Data for processing

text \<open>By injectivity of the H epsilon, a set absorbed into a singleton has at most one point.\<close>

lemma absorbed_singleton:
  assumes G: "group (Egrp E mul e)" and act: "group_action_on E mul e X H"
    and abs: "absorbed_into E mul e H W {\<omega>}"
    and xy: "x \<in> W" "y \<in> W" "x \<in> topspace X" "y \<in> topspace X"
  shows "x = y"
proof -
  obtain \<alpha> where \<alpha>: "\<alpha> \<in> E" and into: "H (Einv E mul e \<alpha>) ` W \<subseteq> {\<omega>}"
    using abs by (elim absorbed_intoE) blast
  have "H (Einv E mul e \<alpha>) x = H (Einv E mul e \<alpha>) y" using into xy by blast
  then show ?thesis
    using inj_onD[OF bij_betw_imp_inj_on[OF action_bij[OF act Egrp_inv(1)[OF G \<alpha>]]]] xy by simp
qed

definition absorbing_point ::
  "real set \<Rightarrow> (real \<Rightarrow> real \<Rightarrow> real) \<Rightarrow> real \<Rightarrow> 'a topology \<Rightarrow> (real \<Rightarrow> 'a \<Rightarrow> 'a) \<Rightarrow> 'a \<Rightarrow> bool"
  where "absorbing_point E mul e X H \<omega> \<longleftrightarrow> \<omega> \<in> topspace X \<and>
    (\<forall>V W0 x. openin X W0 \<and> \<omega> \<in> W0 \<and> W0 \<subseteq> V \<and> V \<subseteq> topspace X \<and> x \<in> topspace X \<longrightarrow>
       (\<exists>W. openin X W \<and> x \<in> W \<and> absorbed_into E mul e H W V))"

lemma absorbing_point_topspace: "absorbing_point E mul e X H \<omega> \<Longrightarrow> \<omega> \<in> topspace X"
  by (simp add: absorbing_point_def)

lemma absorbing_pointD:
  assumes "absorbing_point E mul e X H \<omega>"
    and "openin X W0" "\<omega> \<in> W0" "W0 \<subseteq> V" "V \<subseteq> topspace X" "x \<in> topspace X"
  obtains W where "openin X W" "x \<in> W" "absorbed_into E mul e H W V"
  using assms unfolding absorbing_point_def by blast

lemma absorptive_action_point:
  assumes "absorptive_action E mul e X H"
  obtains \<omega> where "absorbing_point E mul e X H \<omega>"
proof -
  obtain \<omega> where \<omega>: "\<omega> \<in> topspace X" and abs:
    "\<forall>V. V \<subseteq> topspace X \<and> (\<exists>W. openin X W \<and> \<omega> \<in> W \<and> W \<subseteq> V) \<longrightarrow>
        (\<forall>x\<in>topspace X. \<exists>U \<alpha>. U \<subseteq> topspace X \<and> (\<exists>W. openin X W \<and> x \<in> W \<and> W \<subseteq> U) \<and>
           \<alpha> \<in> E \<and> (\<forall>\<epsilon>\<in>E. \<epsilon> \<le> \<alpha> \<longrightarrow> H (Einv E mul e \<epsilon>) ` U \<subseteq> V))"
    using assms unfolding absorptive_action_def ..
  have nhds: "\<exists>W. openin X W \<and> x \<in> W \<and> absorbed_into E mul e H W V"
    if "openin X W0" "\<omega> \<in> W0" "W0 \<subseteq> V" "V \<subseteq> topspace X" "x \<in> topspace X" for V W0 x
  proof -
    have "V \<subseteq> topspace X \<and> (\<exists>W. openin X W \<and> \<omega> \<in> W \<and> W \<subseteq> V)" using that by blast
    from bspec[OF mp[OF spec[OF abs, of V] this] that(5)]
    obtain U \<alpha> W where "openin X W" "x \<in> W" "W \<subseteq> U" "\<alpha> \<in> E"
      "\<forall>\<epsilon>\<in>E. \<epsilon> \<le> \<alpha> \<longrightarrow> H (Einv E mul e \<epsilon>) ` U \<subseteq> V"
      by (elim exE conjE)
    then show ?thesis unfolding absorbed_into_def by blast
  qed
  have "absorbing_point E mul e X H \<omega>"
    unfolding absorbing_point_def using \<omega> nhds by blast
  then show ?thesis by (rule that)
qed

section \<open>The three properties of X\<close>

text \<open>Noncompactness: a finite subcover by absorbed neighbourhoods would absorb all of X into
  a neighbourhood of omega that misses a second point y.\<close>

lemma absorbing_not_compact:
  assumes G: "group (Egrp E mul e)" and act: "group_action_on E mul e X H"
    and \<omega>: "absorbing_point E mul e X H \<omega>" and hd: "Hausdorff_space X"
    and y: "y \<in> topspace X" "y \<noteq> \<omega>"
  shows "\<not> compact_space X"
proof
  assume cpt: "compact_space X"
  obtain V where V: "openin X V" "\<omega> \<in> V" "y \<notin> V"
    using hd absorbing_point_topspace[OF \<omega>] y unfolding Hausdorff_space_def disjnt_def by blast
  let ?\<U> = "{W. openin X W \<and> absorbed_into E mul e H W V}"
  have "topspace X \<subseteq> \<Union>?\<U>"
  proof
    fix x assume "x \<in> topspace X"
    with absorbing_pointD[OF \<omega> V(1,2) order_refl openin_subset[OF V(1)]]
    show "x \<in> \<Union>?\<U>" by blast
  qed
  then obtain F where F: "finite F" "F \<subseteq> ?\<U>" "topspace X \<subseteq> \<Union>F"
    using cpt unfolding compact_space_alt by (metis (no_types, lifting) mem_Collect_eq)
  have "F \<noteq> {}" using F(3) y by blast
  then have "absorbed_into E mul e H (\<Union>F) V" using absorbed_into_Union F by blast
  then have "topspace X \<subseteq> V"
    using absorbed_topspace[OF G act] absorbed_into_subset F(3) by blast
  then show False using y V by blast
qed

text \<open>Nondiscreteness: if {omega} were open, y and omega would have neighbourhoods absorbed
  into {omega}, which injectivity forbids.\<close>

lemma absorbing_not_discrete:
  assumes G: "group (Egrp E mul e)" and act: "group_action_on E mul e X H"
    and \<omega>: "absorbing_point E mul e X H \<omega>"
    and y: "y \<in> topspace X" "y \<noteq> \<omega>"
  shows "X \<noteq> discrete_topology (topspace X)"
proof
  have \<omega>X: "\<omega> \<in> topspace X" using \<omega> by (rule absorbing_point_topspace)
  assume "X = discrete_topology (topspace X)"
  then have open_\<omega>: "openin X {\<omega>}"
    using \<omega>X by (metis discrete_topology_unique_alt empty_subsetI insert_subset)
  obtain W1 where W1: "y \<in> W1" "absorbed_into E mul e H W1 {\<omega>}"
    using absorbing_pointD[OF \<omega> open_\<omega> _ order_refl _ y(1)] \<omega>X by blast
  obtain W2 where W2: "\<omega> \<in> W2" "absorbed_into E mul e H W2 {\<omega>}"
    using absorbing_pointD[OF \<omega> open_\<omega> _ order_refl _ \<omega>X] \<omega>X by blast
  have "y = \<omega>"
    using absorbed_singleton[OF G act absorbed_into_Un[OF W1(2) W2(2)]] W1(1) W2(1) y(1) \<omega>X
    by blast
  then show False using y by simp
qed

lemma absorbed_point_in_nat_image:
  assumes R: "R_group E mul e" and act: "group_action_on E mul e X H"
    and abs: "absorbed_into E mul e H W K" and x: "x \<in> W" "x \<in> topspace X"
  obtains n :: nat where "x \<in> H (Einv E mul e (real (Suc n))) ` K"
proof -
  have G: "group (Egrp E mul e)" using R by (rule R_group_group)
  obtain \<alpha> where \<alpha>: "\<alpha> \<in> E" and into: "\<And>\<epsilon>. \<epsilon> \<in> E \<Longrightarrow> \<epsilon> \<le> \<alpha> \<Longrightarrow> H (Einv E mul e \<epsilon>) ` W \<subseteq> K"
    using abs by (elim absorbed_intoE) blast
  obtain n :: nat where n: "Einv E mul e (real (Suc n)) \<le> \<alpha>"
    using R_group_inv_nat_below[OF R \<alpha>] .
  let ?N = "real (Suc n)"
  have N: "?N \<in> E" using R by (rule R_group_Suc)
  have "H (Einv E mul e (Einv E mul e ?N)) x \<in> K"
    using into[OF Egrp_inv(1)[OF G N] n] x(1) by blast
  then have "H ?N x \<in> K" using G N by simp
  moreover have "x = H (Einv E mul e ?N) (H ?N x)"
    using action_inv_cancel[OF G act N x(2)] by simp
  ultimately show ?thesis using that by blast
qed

* * *

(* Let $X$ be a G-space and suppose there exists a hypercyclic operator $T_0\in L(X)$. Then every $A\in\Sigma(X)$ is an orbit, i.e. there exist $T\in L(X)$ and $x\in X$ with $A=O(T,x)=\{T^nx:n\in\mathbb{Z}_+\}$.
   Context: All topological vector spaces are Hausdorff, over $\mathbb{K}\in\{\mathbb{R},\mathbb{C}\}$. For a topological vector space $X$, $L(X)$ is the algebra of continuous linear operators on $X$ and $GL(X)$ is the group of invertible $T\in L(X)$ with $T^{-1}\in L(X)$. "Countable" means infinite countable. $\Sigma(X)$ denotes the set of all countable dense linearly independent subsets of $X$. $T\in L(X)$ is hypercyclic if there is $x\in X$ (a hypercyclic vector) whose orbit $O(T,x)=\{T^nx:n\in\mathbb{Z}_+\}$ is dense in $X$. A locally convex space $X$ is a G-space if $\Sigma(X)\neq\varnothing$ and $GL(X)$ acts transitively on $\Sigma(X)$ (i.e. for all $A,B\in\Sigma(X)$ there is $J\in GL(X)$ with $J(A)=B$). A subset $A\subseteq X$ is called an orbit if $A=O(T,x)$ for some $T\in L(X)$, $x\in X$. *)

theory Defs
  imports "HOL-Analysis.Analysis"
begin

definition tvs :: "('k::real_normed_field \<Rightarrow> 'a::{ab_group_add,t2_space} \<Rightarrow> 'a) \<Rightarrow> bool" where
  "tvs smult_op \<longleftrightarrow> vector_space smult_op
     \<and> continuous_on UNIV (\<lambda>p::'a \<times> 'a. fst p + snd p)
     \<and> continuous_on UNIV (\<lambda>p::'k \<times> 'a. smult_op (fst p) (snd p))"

* * *

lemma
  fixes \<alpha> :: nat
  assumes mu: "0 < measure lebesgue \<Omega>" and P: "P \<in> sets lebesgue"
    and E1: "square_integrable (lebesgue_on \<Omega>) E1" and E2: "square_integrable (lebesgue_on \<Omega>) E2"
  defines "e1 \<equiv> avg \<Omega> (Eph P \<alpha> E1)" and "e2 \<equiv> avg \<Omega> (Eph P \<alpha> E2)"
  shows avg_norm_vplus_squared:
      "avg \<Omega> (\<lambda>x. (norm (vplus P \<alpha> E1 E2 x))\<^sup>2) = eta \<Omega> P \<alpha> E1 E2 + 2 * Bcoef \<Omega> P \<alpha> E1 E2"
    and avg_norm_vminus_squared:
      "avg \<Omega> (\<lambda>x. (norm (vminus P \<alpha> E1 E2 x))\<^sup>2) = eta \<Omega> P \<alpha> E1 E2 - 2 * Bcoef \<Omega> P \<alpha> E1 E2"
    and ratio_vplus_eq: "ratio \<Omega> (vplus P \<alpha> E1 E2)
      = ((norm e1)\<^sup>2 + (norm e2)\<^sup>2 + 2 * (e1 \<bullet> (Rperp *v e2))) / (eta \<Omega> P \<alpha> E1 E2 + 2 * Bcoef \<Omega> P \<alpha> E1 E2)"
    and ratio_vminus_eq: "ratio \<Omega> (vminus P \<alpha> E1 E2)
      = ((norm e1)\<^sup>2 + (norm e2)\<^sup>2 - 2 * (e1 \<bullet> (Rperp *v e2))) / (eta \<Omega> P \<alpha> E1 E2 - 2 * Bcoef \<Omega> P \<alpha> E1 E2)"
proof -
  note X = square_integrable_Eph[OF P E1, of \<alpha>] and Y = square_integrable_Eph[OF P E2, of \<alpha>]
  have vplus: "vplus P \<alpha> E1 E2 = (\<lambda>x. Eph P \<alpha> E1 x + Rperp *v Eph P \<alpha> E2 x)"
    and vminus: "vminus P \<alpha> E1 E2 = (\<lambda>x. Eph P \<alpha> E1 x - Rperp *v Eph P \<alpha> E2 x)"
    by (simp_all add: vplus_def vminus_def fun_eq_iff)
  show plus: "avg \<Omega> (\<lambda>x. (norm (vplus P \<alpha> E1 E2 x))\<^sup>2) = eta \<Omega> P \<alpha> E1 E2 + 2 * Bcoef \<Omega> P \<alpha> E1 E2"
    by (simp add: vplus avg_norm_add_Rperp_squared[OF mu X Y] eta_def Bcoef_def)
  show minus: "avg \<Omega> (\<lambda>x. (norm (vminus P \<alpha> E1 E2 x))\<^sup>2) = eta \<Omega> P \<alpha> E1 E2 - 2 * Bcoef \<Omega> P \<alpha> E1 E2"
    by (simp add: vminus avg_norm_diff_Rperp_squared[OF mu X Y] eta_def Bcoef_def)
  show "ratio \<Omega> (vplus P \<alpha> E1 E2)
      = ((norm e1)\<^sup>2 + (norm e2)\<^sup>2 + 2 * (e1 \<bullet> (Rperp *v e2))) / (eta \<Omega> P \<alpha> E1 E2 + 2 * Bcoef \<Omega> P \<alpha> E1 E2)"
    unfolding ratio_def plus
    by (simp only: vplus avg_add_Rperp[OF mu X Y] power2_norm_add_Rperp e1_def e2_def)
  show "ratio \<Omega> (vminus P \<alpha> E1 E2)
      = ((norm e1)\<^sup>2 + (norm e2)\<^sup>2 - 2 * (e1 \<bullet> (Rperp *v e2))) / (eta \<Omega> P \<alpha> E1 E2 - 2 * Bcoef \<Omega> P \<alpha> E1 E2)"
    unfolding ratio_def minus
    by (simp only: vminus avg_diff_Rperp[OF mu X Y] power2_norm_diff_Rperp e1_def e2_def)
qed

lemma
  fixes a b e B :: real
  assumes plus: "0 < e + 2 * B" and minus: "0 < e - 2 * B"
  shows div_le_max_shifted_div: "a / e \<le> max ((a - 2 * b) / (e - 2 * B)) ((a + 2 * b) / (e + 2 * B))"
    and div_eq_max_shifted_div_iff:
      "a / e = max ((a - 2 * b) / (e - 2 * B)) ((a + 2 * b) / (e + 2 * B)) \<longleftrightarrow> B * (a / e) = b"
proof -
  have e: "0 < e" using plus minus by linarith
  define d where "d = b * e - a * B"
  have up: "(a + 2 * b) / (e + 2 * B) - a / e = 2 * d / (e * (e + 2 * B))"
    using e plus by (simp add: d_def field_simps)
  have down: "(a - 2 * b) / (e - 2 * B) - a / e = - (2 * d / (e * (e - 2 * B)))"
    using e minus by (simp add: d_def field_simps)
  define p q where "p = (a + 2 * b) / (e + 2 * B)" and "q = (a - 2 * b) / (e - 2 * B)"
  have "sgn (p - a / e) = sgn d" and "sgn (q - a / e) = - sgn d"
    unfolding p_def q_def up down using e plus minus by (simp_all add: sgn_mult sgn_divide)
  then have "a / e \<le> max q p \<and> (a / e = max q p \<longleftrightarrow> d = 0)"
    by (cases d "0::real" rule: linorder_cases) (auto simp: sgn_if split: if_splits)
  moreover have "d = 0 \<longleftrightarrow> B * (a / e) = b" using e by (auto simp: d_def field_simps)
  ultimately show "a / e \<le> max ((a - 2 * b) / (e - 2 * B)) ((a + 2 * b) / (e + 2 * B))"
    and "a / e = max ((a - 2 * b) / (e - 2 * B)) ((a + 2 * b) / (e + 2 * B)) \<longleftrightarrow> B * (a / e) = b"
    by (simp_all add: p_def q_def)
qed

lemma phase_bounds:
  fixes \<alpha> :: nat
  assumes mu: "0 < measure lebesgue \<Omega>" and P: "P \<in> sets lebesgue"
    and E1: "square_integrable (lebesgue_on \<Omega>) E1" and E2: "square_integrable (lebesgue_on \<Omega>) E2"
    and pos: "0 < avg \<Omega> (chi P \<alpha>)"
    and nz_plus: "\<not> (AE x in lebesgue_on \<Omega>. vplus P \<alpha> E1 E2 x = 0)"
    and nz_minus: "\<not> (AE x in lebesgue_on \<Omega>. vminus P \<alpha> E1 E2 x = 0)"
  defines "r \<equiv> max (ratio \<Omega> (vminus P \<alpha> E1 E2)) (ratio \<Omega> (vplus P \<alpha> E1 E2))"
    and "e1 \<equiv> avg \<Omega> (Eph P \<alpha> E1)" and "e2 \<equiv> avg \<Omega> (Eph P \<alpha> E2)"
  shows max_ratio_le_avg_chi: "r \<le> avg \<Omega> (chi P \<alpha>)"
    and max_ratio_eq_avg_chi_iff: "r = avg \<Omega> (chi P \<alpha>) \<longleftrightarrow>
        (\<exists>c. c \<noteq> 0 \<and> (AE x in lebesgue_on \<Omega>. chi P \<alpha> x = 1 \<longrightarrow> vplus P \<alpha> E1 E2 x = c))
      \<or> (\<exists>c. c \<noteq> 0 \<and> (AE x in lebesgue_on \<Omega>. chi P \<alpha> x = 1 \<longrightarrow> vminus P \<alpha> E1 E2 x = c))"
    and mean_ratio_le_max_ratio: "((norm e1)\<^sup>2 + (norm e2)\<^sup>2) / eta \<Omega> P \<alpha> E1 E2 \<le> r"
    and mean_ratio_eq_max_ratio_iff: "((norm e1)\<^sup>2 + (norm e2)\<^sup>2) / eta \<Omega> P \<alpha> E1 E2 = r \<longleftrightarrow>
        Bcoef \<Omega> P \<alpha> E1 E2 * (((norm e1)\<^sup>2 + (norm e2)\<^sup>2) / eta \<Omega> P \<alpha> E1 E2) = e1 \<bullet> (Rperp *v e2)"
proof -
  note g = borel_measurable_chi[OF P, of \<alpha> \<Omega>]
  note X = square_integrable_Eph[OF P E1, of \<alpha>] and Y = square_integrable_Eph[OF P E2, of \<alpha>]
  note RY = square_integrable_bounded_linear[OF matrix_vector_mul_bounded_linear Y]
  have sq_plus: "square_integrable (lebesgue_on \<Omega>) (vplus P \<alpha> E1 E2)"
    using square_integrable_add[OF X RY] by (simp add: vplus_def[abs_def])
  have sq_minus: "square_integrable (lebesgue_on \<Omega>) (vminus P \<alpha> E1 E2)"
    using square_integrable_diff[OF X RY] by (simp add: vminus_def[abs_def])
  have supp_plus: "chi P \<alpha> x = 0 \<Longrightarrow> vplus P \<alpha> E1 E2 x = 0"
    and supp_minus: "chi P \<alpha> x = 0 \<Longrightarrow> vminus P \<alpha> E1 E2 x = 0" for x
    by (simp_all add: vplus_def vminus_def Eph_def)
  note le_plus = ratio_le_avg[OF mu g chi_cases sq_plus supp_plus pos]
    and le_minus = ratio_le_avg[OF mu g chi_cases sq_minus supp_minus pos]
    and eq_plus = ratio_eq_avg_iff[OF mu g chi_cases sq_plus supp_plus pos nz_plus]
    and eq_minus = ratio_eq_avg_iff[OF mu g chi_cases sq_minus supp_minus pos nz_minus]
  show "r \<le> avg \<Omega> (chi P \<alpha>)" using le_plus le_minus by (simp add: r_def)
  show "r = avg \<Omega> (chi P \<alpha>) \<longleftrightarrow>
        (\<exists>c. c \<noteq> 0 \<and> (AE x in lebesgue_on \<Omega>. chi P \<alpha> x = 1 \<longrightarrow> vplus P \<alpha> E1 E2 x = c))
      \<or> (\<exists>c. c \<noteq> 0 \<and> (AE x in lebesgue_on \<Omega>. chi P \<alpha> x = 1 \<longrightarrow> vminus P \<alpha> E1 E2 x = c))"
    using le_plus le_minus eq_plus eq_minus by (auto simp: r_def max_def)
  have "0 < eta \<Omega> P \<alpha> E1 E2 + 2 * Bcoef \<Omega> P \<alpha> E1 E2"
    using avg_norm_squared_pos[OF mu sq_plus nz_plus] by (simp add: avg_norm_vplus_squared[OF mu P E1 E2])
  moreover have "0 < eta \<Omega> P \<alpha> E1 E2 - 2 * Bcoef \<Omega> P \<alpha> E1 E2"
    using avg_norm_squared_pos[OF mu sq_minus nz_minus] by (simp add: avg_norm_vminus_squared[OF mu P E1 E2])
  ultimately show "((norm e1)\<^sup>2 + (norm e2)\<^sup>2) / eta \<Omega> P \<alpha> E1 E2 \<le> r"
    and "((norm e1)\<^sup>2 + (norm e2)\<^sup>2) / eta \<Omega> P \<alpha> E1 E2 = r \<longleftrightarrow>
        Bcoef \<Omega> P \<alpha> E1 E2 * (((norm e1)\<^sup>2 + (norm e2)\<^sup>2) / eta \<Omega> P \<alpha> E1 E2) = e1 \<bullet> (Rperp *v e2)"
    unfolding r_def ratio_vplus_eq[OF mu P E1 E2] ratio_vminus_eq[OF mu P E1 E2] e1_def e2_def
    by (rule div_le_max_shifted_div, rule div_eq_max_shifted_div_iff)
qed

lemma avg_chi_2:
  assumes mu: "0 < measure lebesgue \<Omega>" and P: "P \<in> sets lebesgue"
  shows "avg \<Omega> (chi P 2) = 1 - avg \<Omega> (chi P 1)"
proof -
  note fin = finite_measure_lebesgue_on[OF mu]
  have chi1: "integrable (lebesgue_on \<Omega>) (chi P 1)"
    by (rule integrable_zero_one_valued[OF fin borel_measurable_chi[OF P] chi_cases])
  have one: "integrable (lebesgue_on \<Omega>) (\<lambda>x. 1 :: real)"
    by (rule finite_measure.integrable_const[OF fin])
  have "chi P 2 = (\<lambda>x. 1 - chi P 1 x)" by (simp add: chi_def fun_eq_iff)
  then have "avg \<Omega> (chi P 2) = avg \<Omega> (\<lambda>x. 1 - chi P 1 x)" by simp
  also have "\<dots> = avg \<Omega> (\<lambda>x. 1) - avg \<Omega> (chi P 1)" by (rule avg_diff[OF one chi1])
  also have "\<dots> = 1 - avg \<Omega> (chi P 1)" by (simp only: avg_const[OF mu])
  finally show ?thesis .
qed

Problem to work on
State the count of lines in the data holding the word "assms", adding nothing to it.

Finished task
2